#### Record extracts

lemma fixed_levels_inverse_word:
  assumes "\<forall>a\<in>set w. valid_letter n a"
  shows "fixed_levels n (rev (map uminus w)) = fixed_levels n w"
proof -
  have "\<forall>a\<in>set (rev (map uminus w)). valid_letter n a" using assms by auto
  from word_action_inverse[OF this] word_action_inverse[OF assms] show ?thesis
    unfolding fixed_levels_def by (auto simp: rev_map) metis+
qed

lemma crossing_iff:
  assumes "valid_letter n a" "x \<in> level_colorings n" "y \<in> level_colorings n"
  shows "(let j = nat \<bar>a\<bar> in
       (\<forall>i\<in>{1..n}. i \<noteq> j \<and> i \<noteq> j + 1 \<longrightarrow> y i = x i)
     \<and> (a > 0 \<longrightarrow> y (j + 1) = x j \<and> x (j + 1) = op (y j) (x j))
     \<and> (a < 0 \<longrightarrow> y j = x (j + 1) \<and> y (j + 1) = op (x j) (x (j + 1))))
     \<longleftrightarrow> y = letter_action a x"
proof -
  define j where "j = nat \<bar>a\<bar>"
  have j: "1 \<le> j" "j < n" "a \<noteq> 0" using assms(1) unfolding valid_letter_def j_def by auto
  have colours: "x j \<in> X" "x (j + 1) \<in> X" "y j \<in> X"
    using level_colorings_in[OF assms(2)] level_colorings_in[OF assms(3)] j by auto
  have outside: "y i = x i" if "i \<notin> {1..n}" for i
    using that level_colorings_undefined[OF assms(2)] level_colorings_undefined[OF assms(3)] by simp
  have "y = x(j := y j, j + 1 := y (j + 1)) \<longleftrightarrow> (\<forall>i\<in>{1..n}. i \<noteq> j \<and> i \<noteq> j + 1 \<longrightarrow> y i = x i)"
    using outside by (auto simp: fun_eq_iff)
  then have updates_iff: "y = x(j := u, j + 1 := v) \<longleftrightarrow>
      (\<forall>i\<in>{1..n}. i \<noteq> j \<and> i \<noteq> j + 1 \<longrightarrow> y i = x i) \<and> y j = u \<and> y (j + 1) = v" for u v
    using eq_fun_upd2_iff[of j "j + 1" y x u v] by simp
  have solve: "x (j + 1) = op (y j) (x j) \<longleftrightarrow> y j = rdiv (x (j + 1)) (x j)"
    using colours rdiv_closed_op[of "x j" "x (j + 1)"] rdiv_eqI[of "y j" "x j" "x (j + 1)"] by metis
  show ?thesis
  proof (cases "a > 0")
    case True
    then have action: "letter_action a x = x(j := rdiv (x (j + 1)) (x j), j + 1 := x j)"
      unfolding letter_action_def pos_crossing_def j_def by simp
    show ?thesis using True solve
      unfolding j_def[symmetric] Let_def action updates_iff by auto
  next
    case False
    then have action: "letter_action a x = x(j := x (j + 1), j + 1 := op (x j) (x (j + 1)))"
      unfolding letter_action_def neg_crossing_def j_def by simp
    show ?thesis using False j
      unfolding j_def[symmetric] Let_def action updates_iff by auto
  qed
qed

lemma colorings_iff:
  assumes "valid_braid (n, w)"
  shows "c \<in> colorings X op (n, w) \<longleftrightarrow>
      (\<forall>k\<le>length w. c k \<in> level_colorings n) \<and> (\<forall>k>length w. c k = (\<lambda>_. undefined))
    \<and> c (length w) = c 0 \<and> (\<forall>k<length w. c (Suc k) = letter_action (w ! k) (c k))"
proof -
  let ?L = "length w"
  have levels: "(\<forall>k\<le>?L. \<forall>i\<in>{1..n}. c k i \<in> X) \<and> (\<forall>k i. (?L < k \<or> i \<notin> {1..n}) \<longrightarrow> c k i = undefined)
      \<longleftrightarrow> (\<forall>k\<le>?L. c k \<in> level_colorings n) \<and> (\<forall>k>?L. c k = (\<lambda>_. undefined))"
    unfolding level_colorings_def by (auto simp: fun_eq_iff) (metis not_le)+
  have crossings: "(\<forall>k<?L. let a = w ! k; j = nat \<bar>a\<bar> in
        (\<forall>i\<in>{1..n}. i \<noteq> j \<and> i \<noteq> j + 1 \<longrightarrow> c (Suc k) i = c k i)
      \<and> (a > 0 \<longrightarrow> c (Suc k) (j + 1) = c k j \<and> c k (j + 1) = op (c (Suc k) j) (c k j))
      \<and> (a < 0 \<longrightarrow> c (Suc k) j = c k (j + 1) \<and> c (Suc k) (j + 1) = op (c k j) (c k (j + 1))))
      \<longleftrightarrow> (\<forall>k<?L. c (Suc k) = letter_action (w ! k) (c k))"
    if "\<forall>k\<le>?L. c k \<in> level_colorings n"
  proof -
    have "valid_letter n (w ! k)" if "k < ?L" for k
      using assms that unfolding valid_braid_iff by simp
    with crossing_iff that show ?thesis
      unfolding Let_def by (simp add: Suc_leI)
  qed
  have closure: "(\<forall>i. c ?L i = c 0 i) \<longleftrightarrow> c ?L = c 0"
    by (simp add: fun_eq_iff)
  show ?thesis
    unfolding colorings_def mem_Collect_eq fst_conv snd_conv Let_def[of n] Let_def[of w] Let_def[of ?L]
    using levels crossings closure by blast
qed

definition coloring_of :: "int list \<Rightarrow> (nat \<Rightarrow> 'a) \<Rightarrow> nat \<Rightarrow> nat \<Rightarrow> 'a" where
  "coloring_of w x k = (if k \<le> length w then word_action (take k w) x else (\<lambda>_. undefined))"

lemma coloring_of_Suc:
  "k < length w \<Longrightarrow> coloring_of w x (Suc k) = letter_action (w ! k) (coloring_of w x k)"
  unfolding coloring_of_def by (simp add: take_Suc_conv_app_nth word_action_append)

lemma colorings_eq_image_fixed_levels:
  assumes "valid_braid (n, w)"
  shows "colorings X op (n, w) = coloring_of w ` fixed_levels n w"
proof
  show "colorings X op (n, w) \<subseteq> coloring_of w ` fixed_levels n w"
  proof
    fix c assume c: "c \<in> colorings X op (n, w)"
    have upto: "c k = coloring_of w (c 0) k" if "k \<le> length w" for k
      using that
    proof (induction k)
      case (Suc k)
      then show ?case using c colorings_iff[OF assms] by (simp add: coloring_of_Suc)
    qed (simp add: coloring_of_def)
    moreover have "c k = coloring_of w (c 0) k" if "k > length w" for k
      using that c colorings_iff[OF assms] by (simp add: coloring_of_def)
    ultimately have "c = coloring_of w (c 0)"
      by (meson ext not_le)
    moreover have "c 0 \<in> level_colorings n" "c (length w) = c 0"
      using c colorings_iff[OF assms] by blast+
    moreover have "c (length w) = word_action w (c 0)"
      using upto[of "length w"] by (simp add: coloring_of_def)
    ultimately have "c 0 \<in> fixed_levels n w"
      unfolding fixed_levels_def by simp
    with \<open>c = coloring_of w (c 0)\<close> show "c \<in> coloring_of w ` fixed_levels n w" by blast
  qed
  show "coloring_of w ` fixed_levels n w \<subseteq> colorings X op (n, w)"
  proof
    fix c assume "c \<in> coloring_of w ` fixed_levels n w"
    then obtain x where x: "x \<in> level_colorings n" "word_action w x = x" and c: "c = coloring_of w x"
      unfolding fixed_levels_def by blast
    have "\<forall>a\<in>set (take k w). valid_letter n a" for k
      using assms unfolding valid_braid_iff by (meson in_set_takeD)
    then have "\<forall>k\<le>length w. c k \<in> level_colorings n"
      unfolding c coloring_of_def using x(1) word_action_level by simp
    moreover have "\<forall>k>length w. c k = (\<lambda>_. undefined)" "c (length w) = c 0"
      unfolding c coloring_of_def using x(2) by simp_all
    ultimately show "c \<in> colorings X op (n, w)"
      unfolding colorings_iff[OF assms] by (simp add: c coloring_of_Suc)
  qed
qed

########

## The problem
Select and copy each line from the data that includes the word "assumes".

## Response box
  assumes "\<forall>a\<in>set w. valid_letter n a"
  assumes "valid_letter n a" "x \<in> level_colorings n" "y \<in> level_colorings n"
  assumes "valid_braid (n, w)"
  assumes "valid_braid (n, w)"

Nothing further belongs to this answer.